The choice of the reactor type to be used is mainly determined by the accumulated experience in reactor engineering, as well as by the availability of the necessary industrial equipment, raw material reserves, etc. Water-water reactors are most commonly used at U.S. nuclear power plants. Graphite-gas reactors are used in England. Nuclear power plants in Canada are dominated by NPPs with heavy-water reactors. Depending on the type and aggregate state of the coolant, one or another thermodynamic cycle of NPP is created.
Selection of the upper temperature limit of thermodynamic cycle is determined by the maximum permissible temperature of fuel element cladding (FEC) containing nuclear fuel, permissible temperature of nuclear fuel itself, as well as the properties of coolant, adopted for this type of reactor. At NPPs with water-cooled thermal reactors, low-temperature steam cycles are usually used. Reactors with a gas coolant allow the use of relatively more economical water steam cycles with higher initial pressure and temperature.
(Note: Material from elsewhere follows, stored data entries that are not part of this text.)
lemma image_piece:
  assumes "i < class_period" shows "f ` piece i = piece (Suc i mod class_period)"
proof
  show "f ` piece i \<subseteq> piece (Suc i mod class_period)"
    using funpow_piece[of _ i 1] by auto
  show "piece (Suc i mod class_period) \<subseteq> f ` piece i"
  proof
    fix w assume w: "w \<in> piece (Suc i mod class_period)"
    then have "w \<in> C" using piece_subset by blast
    define j where "j = phase period_scale (g w)"
    have "g w \<in> piece j" using class_g[OF \<open>w \<in> C\<close>] by (simp add: piece_def j_def)
    moreover have "f (g w) = w" using f_g \<open>w \<in> C\<close> class_subset by blast
    ultimately have "w \<in> piece (Suc j mod class_period)" using funpow_piece[of "g w" j 1] by simp
    then have "Suc j mod class_period = Suc i mod class_period" using w pieces_disjoint by blast
    then have "(j + 1) mod class_period = (i + 1) mod class_period" by simp
    then have "j mod class_period = i mod class_period" by (simp add: nat_mod_eq_iff)
    then have "j = i" using piece_index_less[OF \<open>g w \<in> piece j\<close>] assms by simp
    then show "w \<in> f ` piece i"
      using \<open>g w \<in> piece j\<close> \<open>f (g w) = w\<close> by (intro image_eqI[where x = "g w"]) simp_all
  qed
qed

lemma funpow_period_image_piece:
  assumes "i < class_period" shows "(f ^^ class_period) ` piece i = piece i"
proof
  show "(f ^^ class_period) ` piece i \<subseteq> piece i"
    using funpow_piece[of _ i class_period] assms by auto
  show "piece i \<subseteq> (f ^^ class_period) ` piece i"
  proof
    fix w assume w: "w \<in> piece i"
    then have "w \<in> C" using piece_subset by blast
    define j where "j = phase period_scale ((g ^^ class_period) w)"
    have "(g ^^ class_period) w \<in> piece j"
      using class_funpow_g[OF \<open>w \<in> C\<close>] by (simp add: piece_def j_def)
    moreover have "(f ^^ class_period) ((g ^^ class_period) w) = w"
      using funpow_f_g \<open>w \<in> C\<close> class_subset by blast
    ultimately have "w \<in> piece ((j + class_period) mod class_period)"
      using funpow_piece[of _ j class_period] by metis
    then have "w \<in> piece j" using piece_index_less[OF \<open>(g ^^ class_period) w \<in> piece j\<close>] by simp
    then have "j = i" using w pieces_disjoint by blast
    then show "w \<in> (f ^^ class_period) ` piece i"
      using \<open>(g ^^ class_period) w \<in> piece j\<close> \<open>(f ^^ class_period) ((g ^^ class_period) w) = w\<close>
      by (intro image_eqI[where x = "(g ^^ class_period) w"]) simp_all
  qed
qed

lemma piece_locally_closed_in_class:
  obtains r where "0 < r" and "\<And>u y i. u \<in> piece i \<Longrightarrow> y \<in> C \<Longrightarrow> dist u y < r \<Longrightarrow> y \<in> piece i"
proof -
  obtain r where "0 < r" and r: "\<And>u y e. u \<in> C \<Longrightarrow> y \<in> C \<Longrightarrow> dist u y < r \<Longrightarrow> 0 < e \<Longrightarrow> phase e u = phase e y"
    using phase_locally_constant by blast
  have "y \<in> piece i" if u: "u \<in> piece i" and y: "y \<in> C" and "dist u y < r" for u y i
  proof -
    have "u \<in> C" using u piece_subset by blast
    then have "phase period_scale u = phase period_scale y"
      using r y \<open>dist u y < r\<close> period_scale(1) by blast
    then show ?thesis using u y unfolding piece_def by simp
  qed
  then show ?thesis by (rule that[OF \<open>0 < r\<close>])
qed

lemma piece_closed: "closed (piece i)"
proof -
  obtain r where "0 < r" and r: "\<And>u y i. u \<in> piece i \<Longrightarrow> y \<in> C \<Longrightarrow> dist u y < r \<Longrightarrow> y \<in> piece i"
    using piece_locally_closed_in_class by blast
  have "w \<in> piece i" if w: "w \<in> closure (piece i)" for w
  proof -
    have "w \<in> C" using w closure_minimal[OF piece_subset class_closed] by blast
    moreover obtain u where "u \<in> piece i" "dist u w < r"
      using w \<open>0 < r\<close> unfolding closure_approachable by blast
    ultimately show ?thesis using r by blast
  qed
  then show ?thesis using closure_subset_eq by blast
qed

lemma piece_compact: "compact (piece i)"
proof -
  have "piece i \<subseteq> X" using piece_subset class_subset by blast
  then show ?thesis using closed_Int_compact[OF piece_closed compact_space, of i] by (simp add: Int_absorb2)
qed

lemma eps_chain_within_piece:
  assumes "u \<in> piece i" "v \<in> piece i" "0 < e" "e \<le> period_scale"
  shows "\<exists>N. \<forall>k\<ge>N. eps_chain e u v (class_period * k)"
proof -
  have u: "u \<in> C" and v: "v \<in> C" using assms(1,2) piece_subset by auto
  obtain d where d: "eps_chain e u x0 d" using eps_chain_from_class[OF u assms(3)] by blast
  obtain a where a: "eps_chain e x0 u a" using eps_chain_to_class[OF u assms(3)] by blast
  obtain b where b: "eps_chain e x0 v b" using eps_chain_to_class[OF v assms(3)] by blast
  have period: "period e = class_period" using period_eq_class_period[OF assms(3,4)] .
  have "a mod class_period = b mod class_period"
    using phase_eq[OF u assms(3) a] phase_eq[OF v assms(3) b] phase_piece[OF assms(1,3,4)]
      phase_piece[OF assms(2,3,4)] period by simp
  moreover have "(a + d) mod class_period = 0"
    using period_dvd_cycle[OF assms(3) eps_chain_trans[OF a d]] period by simp
  ultimately have "(d + b) mod class_period = 0" by (metis add.commute mod_add_left_eq)
  then obtain l where l: "d + b = class_period * l" by (metis mod_eq_0_iff_dvd dvdE)
  obtain N where N: "\<And>k. N \<le> k \<Longrightarrow> eps_chain e x0 x0 (k * class_period)"
    using period_multiple_cycles[OF assms(3)] period by auto
  have "eps_chain e u v (class_period * k)" if "l + N \<le> k" for k
  proof -
    have "eps_chain e u v (d + (k - l) * class_period + b)"
      using eps_chain_trans[OF eps_chain_trans[OF d N] b] that by simp
    moreover have "d + (k - l) * class_period + b = class_period * l + class_period * (k - l)"
      using l by (simp add: algebra_simps)
    also have "\<dots> = class_period * k" using that by (simp add: add_mult_distrib2[symmetric])
    ultimately show ?thesis by simp
  qed
  then show ?thesis by blast
qed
Heat scheme of NPP in these two cases is executed as 2-circuit: in the 1st circuit the coolant circulates, the 2nd circuit is a steam-water circuit. In case of reactors with boiling water or high-temperature gas coolant, a single-circuit thermal NPP is possible. In boiling water reactors, water boils in the core, the resulting steam-water mixture is separated, and saturated steam is sent either directly to the turbine or preliminarily returned to the core for superheating; in high-temperature graphite-gas reactors, a conventional gas-turbine cycle can be used. In this case, the reactor acts as a combustion chamber. During reactor operation, the concentration of fissile isotopes in the nuclear fuel gradually decreases, i.e. fuel rods burn out, so they are eventually replaced with fresh ones. Nuclear fuel is reloaded using remotely operated mechanisms and devices.
The spent fuel rods are transferred to the decay pool and then sent for reprocessing. The reactor and its service systems include: the reactor itself with biological protection, heat exchangers, pumps or gas blowers that circulate coolant, pipelines and fittings of the circulation circuit, devices for reloading the nuclear fuel, special ventilation systems, emergency cooldown, etc.